[Collected data entries]
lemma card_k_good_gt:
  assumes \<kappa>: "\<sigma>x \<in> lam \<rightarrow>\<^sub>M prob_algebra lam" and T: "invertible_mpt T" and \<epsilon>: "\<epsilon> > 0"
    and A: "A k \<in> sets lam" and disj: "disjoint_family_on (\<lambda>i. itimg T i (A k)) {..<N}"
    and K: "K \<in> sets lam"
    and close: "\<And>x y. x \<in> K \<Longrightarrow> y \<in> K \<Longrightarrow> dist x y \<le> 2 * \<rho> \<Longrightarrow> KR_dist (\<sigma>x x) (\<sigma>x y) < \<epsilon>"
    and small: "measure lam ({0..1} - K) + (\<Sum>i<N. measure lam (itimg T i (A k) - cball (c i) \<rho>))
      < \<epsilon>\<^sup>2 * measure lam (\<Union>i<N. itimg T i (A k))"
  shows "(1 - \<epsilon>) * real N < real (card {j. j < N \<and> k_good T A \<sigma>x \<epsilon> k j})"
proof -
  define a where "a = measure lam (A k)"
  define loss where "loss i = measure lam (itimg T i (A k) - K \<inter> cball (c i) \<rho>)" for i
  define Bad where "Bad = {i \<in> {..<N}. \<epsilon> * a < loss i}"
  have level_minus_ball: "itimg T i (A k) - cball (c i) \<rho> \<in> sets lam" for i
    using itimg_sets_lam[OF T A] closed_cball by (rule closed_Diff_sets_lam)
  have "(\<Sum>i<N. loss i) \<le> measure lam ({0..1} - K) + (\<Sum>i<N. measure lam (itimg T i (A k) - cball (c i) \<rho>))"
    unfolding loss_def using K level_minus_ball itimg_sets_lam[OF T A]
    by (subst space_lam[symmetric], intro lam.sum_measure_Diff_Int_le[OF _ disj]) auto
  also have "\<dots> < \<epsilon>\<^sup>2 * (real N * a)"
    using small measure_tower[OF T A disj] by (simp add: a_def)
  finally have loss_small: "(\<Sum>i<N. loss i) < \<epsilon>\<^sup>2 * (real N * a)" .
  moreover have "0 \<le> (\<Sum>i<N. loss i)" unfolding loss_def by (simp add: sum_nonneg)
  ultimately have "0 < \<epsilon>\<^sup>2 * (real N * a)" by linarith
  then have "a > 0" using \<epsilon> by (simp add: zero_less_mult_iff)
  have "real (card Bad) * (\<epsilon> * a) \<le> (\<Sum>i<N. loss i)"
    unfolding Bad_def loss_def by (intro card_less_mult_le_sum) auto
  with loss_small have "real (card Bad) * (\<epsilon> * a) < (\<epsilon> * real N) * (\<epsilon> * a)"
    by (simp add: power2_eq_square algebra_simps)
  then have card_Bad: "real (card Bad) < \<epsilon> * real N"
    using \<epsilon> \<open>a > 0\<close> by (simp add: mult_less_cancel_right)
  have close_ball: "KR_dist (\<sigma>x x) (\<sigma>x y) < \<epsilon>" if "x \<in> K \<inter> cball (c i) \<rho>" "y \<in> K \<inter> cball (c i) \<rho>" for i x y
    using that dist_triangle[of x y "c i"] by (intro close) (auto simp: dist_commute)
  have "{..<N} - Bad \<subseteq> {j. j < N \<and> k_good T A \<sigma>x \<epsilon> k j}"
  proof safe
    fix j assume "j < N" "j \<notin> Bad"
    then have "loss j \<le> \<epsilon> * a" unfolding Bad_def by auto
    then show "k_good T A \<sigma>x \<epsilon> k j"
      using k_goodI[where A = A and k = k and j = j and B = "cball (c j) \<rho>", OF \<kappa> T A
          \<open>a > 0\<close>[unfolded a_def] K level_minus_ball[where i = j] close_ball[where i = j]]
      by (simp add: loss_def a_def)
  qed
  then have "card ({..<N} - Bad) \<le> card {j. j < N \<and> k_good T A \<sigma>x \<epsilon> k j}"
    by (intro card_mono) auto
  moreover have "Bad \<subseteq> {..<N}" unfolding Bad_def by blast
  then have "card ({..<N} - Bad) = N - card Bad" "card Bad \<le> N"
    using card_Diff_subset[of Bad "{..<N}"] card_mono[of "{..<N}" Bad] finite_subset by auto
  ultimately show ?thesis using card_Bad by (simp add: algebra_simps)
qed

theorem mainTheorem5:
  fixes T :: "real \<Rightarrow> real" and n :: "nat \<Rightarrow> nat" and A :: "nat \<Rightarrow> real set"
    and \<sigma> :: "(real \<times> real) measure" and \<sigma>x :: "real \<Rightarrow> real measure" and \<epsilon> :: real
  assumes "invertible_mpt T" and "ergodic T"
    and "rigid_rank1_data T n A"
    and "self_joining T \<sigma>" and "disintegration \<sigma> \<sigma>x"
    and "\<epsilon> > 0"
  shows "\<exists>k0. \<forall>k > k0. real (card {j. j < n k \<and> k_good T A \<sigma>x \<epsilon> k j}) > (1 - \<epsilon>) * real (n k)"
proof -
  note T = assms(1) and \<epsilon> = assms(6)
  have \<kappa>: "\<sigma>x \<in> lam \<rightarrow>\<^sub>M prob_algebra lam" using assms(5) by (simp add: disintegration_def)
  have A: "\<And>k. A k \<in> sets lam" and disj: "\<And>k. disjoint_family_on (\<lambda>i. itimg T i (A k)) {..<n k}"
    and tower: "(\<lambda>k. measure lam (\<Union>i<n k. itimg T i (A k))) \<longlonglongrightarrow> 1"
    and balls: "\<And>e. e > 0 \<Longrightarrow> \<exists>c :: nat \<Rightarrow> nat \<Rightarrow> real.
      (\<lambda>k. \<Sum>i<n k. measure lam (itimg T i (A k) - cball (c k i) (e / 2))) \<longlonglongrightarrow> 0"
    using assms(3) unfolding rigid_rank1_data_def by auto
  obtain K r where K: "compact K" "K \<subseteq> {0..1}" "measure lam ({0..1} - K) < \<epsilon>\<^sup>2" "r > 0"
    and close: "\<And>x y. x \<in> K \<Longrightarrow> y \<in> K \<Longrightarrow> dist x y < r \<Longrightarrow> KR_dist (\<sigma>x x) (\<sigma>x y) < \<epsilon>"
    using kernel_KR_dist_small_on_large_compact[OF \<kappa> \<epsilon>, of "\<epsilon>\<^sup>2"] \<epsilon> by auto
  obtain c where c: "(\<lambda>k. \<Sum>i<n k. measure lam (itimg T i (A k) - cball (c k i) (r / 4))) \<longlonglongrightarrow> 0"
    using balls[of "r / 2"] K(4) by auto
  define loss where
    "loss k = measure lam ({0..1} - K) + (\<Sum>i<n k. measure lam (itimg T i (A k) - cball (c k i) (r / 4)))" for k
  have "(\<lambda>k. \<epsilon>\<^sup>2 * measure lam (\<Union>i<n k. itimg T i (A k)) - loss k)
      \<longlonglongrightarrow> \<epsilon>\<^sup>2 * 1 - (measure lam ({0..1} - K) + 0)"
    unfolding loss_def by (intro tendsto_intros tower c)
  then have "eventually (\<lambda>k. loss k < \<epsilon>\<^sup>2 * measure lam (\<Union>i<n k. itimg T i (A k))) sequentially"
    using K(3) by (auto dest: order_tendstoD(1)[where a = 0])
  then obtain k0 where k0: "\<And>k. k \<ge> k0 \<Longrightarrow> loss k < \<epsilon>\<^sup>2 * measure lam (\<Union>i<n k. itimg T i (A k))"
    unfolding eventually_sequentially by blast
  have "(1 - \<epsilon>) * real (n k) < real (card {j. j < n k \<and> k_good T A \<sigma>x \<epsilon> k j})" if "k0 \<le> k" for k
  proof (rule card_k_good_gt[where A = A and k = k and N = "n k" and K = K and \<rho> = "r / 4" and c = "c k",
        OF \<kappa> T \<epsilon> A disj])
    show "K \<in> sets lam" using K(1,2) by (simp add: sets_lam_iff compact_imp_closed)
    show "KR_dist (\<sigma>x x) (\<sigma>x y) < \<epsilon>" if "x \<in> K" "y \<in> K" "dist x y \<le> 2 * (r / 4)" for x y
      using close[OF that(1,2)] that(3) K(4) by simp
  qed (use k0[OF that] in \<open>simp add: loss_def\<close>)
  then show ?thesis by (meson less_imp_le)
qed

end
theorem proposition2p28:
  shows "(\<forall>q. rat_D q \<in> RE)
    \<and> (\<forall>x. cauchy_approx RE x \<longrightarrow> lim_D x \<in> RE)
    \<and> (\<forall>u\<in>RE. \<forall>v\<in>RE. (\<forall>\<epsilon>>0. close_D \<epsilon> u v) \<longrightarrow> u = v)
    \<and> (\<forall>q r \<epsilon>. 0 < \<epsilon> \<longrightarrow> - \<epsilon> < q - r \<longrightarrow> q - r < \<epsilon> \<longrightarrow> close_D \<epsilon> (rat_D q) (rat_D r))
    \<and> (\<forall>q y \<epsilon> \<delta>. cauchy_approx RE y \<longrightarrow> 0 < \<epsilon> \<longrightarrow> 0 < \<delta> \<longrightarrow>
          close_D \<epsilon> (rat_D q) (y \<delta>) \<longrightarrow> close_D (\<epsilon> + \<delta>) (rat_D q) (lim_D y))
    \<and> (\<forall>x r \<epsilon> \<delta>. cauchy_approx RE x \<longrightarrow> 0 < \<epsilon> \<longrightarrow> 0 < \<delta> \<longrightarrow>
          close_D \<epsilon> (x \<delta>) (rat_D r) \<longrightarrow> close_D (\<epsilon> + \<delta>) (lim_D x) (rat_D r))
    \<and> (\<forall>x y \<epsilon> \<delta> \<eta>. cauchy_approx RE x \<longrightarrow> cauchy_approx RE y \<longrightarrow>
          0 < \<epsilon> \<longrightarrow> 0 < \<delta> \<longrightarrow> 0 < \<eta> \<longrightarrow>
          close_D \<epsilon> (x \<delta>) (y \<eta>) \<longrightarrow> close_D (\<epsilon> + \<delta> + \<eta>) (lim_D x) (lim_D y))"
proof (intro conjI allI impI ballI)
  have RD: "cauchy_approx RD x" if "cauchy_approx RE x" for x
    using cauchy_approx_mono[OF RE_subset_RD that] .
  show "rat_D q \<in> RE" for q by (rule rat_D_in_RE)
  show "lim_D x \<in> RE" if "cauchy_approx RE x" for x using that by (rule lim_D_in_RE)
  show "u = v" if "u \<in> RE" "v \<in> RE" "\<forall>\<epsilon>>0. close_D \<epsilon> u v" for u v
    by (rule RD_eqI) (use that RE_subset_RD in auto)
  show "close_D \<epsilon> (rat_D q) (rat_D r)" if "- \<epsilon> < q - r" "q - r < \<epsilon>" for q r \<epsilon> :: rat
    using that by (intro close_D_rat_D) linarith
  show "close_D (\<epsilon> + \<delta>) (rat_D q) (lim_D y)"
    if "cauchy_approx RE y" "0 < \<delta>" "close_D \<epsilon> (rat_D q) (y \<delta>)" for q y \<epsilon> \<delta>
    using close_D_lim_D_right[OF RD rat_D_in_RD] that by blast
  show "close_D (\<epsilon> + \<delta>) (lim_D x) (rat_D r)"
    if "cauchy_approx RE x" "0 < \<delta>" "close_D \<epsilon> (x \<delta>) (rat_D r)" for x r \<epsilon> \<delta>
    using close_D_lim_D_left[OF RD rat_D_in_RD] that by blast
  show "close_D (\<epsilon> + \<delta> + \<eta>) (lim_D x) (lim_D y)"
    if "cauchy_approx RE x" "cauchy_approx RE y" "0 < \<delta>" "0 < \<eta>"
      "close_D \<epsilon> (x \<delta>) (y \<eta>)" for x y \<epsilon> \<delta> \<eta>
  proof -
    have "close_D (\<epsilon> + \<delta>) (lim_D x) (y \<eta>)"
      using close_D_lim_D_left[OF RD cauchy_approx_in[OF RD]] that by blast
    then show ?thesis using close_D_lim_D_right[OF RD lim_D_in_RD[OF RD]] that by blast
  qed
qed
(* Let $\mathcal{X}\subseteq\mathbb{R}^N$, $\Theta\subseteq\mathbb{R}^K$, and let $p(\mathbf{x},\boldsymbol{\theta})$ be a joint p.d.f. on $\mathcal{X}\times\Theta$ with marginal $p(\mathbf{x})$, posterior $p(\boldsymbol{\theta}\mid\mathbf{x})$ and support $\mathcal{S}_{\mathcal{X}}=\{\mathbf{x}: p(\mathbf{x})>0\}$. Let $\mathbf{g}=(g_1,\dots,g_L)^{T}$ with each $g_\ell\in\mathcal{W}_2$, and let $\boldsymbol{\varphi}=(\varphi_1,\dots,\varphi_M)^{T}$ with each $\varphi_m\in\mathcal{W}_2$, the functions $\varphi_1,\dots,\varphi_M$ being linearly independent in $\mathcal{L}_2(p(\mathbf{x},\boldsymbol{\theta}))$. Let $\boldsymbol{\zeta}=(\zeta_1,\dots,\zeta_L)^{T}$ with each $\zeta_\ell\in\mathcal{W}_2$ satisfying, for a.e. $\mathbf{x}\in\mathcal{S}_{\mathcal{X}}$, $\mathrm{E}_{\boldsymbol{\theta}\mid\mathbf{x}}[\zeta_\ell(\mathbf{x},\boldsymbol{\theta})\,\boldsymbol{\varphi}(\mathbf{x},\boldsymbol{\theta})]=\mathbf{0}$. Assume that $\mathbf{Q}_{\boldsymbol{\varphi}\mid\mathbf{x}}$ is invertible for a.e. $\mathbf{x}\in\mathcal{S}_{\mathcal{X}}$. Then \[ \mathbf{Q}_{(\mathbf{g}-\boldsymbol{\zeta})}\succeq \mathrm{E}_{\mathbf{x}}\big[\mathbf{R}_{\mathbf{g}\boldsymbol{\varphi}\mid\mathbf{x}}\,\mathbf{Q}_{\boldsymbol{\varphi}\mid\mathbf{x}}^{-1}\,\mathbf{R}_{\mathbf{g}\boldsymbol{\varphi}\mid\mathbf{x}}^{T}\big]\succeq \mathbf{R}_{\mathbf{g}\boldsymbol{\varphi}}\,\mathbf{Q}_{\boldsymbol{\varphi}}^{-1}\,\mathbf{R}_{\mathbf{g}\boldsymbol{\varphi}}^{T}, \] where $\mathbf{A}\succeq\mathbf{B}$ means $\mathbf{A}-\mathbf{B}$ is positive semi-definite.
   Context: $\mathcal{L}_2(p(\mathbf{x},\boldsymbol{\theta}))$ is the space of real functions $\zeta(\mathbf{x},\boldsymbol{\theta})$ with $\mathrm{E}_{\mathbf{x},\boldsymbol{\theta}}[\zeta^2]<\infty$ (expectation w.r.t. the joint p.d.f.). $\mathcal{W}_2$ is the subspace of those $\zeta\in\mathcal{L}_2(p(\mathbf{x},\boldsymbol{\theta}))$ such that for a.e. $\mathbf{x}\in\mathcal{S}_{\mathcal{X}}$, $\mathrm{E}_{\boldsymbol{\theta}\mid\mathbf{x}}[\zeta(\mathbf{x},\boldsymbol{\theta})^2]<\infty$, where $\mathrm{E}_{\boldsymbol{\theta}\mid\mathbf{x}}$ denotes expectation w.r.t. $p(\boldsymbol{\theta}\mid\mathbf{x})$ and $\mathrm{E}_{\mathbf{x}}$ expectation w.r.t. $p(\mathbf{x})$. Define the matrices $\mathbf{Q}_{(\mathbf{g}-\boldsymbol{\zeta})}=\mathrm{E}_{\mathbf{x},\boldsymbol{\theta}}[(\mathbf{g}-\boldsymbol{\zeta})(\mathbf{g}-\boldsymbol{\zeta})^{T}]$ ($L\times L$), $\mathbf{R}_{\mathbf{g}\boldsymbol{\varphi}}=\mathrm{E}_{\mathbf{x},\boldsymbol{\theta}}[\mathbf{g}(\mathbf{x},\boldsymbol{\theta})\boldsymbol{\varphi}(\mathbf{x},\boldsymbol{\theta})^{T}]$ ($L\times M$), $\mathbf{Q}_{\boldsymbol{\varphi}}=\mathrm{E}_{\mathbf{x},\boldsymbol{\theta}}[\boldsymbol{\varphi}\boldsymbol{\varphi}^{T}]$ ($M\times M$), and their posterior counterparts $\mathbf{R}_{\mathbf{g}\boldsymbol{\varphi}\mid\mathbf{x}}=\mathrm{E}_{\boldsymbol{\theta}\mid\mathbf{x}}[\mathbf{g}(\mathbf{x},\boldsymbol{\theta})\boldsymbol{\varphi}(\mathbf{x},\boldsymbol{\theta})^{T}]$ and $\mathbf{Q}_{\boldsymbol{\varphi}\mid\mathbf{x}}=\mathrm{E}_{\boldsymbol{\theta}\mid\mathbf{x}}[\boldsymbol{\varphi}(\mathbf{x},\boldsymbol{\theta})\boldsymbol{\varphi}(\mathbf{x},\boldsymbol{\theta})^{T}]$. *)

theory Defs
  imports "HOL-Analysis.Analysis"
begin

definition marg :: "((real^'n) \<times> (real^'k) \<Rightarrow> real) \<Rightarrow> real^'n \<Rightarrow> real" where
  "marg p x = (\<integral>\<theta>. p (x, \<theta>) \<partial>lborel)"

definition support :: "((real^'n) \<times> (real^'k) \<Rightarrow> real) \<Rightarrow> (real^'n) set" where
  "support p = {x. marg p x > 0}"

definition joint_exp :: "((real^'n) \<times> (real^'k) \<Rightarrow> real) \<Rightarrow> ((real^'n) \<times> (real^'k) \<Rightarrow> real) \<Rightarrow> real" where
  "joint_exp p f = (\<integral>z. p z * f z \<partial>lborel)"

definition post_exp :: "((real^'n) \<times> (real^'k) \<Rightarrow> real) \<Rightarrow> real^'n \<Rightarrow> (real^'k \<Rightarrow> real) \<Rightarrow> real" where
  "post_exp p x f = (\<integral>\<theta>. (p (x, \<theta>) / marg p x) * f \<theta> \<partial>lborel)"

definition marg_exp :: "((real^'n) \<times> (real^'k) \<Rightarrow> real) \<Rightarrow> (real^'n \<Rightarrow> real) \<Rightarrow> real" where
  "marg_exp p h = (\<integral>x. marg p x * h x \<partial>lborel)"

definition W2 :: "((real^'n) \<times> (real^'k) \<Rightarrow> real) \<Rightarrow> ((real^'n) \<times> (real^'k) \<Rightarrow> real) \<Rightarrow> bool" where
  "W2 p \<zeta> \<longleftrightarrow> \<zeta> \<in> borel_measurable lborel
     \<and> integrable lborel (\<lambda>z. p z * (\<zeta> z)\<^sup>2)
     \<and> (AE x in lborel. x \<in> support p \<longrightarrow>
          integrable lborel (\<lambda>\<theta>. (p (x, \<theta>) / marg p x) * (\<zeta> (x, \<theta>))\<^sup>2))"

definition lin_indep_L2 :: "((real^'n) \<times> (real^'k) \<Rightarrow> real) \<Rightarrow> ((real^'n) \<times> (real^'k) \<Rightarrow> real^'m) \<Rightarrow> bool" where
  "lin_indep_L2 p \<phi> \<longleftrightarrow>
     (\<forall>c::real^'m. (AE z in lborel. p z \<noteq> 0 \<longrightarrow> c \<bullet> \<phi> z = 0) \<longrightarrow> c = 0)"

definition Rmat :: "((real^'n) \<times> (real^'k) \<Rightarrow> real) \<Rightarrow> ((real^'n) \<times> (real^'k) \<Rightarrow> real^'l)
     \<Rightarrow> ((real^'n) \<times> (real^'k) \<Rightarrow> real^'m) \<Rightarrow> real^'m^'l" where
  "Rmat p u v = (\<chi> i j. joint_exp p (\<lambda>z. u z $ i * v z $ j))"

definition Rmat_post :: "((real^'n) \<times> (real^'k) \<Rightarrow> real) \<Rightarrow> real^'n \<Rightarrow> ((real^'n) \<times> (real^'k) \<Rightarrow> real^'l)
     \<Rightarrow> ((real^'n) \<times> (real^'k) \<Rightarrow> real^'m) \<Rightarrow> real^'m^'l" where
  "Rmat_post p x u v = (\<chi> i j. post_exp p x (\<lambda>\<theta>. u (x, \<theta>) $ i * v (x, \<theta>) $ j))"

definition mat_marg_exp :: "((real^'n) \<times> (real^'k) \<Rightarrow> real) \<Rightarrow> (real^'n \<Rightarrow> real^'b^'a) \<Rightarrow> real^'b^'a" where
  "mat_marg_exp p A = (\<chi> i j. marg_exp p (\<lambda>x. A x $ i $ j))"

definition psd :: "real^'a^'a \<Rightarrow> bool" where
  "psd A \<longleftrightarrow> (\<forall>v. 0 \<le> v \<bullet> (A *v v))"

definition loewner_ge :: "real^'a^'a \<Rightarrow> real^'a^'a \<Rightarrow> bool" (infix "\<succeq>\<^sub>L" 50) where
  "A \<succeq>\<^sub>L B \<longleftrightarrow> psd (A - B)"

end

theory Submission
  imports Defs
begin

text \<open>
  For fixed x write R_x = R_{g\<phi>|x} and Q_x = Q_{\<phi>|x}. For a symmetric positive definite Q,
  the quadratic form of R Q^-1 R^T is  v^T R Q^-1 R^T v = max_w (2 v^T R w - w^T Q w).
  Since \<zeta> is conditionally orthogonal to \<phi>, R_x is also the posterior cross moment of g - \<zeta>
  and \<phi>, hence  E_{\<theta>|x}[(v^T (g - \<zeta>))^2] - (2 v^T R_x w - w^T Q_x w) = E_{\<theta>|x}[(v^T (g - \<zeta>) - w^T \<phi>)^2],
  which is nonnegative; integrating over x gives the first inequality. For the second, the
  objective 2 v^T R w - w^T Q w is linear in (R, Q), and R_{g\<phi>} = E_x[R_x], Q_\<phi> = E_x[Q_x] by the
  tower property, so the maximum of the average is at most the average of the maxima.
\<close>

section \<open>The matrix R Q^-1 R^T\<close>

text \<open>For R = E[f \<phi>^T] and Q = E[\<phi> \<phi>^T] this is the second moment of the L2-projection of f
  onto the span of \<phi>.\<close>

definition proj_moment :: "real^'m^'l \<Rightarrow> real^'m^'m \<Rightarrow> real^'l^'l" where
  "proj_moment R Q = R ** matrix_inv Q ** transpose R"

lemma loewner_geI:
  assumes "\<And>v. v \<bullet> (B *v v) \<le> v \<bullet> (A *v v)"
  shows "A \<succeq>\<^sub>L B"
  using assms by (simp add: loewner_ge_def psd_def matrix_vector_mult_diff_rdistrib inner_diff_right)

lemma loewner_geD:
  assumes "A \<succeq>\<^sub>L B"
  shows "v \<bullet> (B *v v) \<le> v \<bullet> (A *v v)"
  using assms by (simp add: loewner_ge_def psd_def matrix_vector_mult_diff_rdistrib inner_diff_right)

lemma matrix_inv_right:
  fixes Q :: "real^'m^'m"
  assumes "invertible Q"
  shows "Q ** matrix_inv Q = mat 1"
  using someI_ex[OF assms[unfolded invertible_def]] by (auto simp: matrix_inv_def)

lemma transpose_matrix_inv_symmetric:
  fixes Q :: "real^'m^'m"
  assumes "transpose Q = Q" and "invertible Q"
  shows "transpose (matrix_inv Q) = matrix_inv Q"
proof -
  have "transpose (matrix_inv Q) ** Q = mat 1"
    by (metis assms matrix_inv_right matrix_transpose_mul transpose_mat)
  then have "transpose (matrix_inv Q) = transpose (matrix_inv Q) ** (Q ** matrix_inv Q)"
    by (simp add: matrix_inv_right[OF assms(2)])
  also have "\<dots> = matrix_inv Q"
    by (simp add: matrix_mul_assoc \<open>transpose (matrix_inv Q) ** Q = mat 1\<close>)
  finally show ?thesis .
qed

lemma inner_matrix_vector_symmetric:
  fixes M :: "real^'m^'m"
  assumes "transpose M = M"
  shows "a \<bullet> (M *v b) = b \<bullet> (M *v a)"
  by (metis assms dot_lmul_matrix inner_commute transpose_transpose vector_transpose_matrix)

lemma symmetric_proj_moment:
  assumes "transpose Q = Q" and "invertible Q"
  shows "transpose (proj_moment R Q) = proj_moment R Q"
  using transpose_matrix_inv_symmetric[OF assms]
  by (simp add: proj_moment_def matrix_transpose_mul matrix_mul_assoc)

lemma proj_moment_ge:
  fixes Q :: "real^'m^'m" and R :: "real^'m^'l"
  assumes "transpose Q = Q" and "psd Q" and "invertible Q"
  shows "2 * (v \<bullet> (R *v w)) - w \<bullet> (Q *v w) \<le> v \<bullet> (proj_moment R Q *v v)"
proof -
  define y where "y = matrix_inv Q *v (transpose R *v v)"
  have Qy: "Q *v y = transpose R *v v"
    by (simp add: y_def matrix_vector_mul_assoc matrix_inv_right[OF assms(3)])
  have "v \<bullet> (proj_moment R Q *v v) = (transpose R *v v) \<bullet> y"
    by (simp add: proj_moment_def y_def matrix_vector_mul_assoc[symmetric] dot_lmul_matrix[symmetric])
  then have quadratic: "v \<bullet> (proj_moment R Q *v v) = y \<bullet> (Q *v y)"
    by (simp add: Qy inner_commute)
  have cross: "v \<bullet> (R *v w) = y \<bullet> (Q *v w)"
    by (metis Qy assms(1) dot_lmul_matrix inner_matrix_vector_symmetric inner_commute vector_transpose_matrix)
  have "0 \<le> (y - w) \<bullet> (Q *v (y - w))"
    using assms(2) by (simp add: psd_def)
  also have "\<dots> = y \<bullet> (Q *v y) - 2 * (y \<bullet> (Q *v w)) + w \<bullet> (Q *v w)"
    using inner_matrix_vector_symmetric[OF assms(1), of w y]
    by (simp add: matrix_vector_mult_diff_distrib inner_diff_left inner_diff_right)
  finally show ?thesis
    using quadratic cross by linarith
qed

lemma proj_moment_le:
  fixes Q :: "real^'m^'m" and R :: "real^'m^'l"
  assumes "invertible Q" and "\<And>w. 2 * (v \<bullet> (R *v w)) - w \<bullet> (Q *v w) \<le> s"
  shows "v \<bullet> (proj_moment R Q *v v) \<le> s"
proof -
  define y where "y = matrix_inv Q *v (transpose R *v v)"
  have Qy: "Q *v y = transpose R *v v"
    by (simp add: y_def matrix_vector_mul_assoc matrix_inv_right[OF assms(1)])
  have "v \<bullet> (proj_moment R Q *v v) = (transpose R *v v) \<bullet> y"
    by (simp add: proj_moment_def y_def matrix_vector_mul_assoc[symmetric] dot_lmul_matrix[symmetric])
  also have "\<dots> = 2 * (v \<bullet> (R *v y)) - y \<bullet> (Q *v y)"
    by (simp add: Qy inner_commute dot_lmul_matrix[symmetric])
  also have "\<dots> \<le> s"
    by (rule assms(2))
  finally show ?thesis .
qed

### Prompt
When a line in the records above contains the word "ultimately", copy it.

### Answer to this exercise
  ultimately have "0 < \<epsilon>\<^sup>2 * (real N * a)" by linarith
  ultimately show ?thesis using card_Bad by (simp add: algebra_simps)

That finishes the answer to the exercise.